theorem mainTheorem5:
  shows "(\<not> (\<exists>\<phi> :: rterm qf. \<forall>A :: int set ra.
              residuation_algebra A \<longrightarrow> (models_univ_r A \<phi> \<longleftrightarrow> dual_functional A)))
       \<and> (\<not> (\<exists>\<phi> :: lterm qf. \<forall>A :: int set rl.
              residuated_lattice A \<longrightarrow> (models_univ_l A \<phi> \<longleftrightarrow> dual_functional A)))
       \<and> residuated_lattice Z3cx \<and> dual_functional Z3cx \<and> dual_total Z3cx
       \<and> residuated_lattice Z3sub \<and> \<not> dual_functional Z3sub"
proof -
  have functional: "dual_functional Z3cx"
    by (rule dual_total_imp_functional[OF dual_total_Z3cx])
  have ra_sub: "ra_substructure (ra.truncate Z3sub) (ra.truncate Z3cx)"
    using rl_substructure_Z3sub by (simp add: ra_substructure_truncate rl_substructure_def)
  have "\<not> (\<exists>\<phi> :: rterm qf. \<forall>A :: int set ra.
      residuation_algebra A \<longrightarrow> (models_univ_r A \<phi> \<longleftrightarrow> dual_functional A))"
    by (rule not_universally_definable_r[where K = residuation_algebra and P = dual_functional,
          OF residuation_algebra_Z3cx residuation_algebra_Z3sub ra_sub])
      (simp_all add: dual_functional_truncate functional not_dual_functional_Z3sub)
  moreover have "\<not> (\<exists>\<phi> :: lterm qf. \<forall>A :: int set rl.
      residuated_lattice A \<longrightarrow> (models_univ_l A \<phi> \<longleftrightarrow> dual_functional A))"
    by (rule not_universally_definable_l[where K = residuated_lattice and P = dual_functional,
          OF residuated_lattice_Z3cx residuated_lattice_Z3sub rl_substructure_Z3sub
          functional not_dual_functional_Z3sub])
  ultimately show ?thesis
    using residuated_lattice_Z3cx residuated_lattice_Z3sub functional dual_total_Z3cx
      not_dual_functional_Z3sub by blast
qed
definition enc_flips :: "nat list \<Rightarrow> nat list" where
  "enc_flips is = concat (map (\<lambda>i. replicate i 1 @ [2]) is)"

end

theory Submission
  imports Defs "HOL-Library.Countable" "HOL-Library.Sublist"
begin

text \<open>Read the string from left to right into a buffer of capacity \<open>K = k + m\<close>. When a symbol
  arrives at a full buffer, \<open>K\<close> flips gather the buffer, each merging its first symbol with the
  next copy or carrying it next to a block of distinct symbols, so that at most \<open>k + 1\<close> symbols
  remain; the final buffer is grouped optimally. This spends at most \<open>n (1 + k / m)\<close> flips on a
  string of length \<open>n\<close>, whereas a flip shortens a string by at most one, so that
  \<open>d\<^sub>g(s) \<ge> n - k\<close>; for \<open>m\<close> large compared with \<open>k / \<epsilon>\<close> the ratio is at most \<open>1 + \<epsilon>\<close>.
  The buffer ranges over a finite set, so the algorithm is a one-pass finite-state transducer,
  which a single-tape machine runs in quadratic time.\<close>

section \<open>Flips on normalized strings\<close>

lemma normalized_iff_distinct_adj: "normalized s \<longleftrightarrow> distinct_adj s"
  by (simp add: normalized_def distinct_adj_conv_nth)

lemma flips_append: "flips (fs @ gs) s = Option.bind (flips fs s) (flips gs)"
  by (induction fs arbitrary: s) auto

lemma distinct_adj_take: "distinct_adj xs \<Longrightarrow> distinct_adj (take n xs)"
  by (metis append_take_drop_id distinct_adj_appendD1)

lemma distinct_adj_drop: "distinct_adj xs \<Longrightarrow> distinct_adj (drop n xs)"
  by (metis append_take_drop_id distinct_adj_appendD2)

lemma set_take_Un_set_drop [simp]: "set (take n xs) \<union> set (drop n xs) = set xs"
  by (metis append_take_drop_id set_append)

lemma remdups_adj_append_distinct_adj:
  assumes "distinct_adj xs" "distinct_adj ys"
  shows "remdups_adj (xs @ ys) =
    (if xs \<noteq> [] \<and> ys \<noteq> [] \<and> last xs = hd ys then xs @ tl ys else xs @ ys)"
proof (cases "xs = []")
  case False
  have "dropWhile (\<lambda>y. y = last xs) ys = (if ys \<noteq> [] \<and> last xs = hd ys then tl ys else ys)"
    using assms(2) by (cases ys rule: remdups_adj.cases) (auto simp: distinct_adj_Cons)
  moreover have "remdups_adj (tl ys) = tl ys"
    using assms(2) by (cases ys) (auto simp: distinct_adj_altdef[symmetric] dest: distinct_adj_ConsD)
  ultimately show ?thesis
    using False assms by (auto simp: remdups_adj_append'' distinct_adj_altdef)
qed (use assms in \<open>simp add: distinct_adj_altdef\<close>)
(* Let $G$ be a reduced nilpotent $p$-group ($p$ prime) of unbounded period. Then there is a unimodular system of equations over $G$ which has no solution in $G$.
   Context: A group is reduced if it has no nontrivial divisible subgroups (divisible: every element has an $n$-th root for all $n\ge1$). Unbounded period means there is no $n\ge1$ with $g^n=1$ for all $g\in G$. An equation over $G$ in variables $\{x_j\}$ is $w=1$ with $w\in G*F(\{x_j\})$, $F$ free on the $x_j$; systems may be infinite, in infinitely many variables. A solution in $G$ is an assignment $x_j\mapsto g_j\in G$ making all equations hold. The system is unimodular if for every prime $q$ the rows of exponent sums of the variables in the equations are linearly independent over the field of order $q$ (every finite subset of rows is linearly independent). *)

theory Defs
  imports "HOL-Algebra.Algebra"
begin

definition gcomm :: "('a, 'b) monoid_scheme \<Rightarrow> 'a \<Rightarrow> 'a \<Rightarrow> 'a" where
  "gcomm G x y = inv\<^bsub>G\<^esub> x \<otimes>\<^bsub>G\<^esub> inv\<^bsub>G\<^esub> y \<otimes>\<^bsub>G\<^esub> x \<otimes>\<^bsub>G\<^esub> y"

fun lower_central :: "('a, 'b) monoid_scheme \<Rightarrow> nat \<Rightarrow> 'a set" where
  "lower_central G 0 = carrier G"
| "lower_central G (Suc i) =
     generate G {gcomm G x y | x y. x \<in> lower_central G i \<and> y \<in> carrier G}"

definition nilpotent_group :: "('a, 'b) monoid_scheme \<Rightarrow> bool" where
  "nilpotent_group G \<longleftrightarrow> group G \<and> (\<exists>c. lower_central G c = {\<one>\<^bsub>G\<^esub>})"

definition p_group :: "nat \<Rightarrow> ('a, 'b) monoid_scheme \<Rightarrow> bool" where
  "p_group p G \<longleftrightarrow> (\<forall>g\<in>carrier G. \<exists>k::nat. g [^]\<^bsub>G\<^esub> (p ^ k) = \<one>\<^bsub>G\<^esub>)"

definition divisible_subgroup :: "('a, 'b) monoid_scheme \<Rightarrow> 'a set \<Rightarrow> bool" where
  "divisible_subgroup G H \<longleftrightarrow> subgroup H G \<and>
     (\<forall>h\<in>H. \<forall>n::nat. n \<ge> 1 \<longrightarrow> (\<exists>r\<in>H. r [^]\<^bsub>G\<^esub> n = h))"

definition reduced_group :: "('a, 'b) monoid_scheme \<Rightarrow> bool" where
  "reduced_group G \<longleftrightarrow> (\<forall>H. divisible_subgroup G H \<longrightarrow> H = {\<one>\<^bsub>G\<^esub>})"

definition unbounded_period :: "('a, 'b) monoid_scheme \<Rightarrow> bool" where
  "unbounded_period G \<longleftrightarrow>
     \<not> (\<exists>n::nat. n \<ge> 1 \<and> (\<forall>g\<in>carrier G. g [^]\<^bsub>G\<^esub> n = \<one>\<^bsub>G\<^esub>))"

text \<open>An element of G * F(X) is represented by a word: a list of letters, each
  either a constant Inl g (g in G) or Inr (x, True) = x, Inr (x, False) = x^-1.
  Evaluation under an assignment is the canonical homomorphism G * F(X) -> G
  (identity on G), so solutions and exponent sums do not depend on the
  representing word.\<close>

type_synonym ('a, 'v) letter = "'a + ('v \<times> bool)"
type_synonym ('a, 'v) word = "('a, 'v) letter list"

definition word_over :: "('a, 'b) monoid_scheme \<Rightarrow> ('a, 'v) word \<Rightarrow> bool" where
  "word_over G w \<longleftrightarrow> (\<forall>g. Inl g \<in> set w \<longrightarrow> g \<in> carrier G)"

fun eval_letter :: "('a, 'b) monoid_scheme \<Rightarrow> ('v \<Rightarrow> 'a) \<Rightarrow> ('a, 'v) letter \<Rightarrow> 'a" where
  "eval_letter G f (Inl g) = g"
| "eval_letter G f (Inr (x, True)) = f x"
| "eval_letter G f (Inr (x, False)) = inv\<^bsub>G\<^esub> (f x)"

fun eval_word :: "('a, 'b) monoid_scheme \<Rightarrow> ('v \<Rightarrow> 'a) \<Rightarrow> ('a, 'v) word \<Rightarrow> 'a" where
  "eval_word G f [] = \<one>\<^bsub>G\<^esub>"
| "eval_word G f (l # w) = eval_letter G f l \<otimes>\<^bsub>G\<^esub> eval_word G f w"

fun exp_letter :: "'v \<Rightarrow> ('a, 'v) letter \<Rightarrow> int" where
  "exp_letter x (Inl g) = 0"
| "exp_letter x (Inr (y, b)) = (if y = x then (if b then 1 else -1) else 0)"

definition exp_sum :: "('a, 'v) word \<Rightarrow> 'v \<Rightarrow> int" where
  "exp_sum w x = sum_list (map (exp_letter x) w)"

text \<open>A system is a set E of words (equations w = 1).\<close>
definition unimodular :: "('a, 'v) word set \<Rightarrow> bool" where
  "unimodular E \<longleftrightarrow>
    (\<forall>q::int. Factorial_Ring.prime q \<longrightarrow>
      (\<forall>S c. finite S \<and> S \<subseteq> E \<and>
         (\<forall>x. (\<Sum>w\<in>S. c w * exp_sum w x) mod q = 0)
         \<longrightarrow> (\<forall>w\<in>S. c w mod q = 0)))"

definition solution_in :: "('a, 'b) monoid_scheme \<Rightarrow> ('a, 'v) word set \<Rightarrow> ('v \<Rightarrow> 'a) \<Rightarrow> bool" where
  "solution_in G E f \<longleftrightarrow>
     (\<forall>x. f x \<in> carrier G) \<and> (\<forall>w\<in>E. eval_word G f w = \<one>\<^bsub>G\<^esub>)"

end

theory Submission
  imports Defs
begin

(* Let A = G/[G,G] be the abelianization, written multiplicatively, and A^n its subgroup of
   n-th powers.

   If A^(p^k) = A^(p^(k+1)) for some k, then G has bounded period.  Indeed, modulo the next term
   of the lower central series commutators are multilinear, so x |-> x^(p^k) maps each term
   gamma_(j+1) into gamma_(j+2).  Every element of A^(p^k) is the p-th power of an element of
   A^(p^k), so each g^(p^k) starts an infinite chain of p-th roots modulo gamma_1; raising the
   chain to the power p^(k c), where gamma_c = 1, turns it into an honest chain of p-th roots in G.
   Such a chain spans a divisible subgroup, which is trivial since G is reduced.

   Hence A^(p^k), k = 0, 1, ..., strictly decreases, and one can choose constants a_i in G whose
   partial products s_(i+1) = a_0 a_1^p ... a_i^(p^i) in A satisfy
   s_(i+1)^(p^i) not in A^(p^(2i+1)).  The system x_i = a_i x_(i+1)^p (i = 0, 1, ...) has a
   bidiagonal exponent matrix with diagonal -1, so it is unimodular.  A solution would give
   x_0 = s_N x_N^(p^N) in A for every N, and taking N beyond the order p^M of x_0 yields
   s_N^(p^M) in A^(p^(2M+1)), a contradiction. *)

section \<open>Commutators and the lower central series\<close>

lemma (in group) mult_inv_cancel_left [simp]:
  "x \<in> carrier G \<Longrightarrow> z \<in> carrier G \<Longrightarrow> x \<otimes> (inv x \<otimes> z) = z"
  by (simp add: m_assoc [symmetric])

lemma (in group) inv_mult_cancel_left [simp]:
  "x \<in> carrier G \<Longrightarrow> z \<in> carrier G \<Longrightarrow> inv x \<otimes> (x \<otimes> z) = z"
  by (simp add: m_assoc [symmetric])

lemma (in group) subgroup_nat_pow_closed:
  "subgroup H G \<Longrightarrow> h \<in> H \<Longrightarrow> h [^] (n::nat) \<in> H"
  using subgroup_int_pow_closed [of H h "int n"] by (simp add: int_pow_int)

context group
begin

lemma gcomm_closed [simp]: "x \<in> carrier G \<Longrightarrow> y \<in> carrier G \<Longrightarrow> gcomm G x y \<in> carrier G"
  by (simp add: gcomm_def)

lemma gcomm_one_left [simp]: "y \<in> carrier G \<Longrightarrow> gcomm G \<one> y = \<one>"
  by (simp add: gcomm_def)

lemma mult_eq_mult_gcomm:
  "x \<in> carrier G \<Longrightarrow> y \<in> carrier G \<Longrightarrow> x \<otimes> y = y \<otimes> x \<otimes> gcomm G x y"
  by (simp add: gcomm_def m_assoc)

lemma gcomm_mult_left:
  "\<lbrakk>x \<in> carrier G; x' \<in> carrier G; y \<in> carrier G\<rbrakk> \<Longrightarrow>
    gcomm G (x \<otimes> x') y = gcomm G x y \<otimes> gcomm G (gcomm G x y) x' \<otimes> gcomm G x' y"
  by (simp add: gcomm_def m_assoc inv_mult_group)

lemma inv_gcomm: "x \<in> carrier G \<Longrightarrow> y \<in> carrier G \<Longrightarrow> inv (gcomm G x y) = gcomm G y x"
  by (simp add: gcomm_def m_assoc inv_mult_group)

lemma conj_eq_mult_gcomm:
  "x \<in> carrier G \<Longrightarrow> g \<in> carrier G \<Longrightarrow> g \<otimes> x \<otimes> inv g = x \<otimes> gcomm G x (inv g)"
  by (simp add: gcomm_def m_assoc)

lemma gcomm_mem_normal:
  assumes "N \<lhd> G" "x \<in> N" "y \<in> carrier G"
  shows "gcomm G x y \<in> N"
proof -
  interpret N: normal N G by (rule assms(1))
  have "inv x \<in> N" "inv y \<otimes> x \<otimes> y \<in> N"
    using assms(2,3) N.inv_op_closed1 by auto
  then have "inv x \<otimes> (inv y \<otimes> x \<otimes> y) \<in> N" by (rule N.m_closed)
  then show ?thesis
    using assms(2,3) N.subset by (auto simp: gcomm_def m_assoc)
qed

**The problem:** The answer must consist of each line from the data that includes the string "Defs".

**Worked solution:**
  imports Defs "HOL-Library.Countable" "HOL-Library.Sublist"
theory Defs
  imports Defs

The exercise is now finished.